- [STUDY MATERIAL]:
□ □ □ □
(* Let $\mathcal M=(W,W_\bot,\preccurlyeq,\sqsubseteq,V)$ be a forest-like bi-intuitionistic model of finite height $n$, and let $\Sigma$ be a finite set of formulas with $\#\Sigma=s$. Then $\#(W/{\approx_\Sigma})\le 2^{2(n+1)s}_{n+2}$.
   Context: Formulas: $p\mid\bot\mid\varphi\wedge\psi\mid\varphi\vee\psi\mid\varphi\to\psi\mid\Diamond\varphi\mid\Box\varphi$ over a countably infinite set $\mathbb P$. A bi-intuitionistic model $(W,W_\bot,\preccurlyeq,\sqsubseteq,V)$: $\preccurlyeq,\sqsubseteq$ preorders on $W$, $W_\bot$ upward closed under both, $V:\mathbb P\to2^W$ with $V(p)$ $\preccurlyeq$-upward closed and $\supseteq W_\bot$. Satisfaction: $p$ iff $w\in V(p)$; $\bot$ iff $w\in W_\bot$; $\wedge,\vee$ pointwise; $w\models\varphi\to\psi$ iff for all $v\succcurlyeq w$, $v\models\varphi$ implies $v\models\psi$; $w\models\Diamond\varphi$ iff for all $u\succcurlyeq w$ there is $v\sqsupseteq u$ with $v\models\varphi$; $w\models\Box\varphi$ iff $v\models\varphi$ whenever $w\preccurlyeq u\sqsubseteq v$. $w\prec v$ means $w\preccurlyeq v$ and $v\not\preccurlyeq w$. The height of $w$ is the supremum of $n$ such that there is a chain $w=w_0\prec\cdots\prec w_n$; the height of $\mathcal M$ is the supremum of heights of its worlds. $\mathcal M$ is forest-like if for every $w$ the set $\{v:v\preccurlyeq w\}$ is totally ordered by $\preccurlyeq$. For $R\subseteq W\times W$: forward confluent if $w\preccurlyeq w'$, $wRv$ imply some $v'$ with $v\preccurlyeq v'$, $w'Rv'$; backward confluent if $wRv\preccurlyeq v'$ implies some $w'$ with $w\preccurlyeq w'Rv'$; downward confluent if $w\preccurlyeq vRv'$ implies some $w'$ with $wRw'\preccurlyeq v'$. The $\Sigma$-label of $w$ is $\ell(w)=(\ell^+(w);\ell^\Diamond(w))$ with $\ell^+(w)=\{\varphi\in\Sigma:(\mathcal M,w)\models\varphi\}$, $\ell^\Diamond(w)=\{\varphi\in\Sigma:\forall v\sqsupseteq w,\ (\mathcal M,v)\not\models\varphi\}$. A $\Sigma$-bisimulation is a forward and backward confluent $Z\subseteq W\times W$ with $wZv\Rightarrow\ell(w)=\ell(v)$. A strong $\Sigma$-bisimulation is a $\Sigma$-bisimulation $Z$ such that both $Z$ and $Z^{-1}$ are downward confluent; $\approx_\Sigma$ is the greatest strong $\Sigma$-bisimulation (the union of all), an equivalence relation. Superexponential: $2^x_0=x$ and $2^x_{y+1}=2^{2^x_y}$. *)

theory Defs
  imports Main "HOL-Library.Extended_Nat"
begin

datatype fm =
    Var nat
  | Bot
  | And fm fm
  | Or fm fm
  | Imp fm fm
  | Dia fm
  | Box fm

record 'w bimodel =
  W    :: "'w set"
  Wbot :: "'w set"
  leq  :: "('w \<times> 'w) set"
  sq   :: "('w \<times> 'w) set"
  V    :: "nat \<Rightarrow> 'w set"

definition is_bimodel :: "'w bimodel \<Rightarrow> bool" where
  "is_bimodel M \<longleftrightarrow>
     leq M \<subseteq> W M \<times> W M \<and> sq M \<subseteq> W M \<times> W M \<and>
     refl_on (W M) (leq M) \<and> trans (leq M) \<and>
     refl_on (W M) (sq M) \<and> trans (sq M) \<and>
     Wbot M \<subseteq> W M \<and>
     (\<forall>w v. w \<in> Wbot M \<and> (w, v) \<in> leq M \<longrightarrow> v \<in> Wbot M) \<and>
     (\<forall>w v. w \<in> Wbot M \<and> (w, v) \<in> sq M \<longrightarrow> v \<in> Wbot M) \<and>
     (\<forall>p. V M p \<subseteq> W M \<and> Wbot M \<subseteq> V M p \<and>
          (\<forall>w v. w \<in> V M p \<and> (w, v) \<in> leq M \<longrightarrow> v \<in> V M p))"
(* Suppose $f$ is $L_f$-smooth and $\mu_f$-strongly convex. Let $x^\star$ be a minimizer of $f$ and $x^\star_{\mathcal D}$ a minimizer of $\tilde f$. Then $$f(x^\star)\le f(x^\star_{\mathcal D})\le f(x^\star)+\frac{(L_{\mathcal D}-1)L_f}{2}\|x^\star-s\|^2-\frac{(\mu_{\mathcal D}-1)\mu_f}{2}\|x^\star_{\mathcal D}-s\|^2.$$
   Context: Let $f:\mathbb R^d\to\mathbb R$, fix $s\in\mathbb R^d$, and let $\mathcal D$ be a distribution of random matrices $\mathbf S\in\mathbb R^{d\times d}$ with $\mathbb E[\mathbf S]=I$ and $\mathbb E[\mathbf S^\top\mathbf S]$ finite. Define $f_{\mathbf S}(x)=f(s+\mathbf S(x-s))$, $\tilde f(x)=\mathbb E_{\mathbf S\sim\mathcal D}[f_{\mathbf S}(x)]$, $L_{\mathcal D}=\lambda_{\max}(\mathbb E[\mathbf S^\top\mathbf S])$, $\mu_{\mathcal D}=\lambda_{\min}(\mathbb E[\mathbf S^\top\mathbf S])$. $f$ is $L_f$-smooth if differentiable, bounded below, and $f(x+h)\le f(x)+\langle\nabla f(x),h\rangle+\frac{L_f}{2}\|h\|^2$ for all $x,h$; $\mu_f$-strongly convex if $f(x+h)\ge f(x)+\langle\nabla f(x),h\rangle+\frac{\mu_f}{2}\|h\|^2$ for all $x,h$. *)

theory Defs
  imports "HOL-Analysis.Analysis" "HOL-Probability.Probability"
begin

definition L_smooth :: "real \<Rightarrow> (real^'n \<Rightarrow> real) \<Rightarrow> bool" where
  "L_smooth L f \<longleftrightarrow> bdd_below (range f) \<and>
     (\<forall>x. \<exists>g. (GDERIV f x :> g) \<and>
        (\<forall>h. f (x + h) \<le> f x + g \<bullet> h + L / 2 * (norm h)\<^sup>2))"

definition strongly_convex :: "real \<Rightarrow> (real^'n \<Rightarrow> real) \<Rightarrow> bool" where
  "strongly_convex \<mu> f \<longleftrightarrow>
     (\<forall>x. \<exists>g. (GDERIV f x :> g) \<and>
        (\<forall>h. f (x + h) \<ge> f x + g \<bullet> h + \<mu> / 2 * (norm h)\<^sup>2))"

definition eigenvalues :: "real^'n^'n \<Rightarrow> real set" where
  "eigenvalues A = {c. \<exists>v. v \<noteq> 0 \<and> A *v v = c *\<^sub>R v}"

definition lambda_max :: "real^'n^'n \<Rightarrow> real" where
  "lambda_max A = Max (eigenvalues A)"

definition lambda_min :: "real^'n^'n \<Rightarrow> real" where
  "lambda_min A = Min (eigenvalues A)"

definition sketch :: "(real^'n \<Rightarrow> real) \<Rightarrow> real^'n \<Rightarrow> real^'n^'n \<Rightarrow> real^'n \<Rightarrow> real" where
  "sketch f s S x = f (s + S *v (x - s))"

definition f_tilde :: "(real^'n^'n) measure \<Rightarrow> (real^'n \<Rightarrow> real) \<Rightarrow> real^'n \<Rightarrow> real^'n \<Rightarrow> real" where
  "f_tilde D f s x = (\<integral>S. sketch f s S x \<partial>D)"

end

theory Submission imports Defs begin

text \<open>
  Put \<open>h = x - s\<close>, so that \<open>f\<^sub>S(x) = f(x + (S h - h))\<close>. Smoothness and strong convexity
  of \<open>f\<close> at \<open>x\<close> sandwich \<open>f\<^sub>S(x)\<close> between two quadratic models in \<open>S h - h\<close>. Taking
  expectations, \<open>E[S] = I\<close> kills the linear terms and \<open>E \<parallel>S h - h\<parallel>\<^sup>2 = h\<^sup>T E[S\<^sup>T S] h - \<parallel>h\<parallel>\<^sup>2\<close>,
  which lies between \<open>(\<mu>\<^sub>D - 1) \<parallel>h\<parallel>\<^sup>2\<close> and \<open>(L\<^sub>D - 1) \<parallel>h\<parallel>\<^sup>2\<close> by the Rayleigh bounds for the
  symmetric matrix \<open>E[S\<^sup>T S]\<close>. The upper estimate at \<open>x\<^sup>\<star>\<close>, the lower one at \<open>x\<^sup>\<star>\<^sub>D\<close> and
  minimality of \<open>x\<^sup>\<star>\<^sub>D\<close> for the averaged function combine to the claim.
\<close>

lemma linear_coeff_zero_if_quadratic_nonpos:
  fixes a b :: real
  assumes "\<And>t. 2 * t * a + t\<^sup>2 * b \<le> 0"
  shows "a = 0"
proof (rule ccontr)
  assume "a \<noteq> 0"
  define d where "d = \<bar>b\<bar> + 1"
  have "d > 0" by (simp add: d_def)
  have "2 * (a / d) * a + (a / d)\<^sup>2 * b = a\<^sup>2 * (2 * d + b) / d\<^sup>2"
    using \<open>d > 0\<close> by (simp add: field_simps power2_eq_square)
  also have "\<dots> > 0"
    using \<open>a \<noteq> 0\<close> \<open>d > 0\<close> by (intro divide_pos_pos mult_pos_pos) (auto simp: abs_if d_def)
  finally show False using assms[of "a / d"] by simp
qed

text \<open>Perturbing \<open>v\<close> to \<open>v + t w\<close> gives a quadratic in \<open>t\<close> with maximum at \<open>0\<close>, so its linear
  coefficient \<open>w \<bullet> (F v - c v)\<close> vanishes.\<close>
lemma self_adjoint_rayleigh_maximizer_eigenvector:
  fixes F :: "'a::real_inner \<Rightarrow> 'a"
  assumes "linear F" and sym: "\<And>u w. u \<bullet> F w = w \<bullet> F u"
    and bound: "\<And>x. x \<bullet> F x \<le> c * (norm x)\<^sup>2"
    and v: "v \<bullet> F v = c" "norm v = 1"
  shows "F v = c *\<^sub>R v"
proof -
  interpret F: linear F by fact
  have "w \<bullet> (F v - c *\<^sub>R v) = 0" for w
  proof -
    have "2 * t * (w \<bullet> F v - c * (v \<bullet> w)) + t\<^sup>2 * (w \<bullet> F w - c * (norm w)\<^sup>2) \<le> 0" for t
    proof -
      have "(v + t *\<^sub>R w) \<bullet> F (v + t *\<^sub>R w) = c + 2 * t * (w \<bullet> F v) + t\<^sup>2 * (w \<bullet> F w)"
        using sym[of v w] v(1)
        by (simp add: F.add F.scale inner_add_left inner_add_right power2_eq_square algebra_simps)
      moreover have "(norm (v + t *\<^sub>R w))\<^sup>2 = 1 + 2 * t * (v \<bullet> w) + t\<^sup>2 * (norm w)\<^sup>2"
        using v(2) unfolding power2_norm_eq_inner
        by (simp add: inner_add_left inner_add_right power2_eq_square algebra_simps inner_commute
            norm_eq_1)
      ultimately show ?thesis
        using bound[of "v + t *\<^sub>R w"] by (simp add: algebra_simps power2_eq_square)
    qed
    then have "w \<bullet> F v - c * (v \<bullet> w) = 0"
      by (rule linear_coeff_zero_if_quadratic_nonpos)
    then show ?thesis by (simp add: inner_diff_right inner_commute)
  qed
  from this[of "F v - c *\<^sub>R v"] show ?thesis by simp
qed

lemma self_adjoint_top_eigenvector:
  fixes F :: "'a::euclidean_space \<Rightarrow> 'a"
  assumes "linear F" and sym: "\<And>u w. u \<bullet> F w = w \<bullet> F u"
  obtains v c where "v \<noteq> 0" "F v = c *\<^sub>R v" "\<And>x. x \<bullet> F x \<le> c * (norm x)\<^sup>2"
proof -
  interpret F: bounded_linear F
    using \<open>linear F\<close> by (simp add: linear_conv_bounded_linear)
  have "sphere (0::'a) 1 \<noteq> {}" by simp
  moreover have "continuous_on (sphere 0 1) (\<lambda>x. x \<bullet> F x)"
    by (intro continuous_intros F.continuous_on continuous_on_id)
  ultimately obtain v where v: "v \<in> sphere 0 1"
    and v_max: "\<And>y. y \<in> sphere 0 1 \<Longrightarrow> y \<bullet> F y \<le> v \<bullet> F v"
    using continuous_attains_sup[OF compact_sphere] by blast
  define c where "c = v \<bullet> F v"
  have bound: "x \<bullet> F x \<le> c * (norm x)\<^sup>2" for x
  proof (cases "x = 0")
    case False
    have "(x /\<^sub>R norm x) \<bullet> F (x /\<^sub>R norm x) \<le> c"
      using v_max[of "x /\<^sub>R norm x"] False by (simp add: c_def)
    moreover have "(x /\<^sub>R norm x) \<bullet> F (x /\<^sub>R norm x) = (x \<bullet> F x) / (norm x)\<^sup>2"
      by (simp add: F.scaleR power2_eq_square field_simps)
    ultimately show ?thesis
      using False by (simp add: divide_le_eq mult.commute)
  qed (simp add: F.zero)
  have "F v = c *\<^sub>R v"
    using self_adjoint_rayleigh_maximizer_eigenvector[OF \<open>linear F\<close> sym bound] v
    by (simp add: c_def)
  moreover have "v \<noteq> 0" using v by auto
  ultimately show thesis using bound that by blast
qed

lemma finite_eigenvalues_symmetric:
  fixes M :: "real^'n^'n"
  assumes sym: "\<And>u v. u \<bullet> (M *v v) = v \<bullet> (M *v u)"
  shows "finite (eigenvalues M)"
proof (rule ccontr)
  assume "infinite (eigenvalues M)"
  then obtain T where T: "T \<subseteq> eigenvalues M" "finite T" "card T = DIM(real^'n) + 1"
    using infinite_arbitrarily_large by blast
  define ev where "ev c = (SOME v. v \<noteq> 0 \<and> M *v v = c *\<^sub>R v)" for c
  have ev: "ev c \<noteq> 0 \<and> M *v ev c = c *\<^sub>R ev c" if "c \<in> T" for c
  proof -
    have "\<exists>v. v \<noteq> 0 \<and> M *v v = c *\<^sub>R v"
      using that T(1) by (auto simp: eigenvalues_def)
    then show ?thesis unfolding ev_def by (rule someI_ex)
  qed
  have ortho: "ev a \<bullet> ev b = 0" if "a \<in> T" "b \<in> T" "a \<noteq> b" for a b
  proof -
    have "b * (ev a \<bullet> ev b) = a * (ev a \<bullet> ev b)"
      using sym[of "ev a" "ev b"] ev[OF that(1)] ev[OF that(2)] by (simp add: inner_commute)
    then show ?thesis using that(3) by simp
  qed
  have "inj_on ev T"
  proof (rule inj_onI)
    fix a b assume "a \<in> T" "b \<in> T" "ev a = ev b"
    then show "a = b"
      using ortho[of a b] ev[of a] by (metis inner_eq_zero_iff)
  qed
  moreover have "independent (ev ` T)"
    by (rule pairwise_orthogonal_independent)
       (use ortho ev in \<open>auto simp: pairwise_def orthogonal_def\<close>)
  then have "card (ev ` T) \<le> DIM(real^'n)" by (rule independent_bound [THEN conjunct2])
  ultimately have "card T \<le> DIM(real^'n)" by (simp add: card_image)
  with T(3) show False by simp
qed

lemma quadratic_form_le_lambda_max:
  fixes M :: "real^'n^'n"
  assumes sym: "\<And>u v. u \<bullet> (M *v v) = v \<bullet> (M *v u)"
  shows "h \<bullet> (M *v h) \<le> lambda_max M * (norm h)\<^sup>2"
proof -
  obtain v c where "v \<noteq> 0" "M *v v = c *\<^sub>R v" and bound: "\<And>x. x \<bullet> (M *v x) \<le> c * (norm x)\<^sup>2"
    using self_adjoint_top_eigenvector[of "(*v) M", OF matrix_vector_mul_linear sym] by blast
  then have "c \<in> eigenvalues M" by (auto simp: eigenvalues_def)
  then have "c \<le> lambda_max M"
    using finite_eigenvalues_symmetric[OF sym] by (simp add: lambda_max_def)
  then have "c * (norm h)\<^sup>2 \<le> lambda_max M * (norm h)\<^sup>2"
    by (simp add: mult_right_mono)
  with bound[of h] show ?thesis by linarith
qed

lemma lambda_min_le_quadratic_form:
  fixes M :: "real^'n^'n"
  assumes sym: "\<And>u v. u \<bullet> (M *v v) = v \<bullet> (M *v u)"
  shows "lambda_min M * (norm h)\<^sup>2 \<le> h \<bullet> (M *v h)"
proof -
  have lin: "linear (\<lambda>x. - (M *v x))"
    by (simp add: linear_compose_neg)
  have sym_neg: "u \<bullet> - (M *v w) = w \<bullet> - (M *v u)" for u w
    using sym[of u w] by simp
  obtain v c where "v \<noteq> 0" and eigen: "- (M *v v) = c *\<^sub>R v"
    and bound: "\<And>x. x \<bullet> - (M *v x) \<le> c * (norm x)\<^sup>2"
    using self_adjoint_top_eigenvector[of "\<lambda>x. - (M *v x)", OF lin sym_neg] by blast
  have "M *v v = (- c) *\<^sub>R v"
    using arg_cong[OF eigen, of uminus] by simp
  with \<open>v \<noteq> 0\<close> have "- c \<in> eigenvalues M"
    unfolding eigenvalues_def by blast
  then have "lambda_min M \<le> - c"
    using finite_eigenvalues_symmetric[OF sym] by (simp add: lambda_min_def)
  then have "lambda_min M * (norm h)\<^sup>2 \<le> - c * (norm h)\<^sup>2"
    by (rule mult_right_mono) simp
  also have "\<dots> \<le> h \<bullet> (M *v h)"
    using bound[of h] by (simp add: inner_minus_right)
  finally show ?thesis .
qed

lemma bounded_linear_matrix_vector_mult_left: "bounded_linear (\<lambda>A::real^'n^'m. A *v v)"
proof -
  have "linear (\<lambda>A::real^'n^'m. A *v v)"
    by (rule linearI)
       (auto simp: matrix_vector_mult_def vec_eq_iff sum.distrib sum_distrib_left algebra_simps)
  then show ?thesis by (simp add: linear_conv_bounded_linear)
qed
□ □ □ □
Your task is to retype the entries verbatim, starting with the line that holds "(simp add: lambda_max_def)" and stopping after the line that holds "sym_neg] by blast".

    using finite_eigenvalues_symmetric[OF sym] by (simp add: lambda_max_def)
  then have "c * (norm h)\<^sup>2 \<le> lambda_max M * (norm h)\<^sup>2"
    by (simp add: mult_right_mono)
  with bound[of h] show ?thesis by linarith
qed

lemma lambda_min_le_quadratic_form:
  fixes M :: "real^'n^'n"
  assumes sym: "\<And>u v. u \<bullet> (M *v v) = v \<bullet> (M *v u)"
  shows "lambda_min M * (norm h)\<^sup>2 \<le> h \<bullet> (M *v h)"
proof -
  have lin: "linear (\<lambda>x. - (M *v x))"
    by (simp add: linear_compose_neg)
  have sym_neg: "u \<bullet> - (M *v w) = w \<bullet> - (M *v u)" for u w
    using sym[of u w] by simp
  obtain v c where "v \<noteq> 0" and eigen: "- (M *v v) = c *\<^sub>R v"
    and bound: "\<And>x. x \<bullet> - (M *v x) \<le> c * (norm x)\<^sup>2"
    using self_adjoint_top_eigenvector[of "\<lambda>x. - (M *v x)", OF lin sym_neg] by blast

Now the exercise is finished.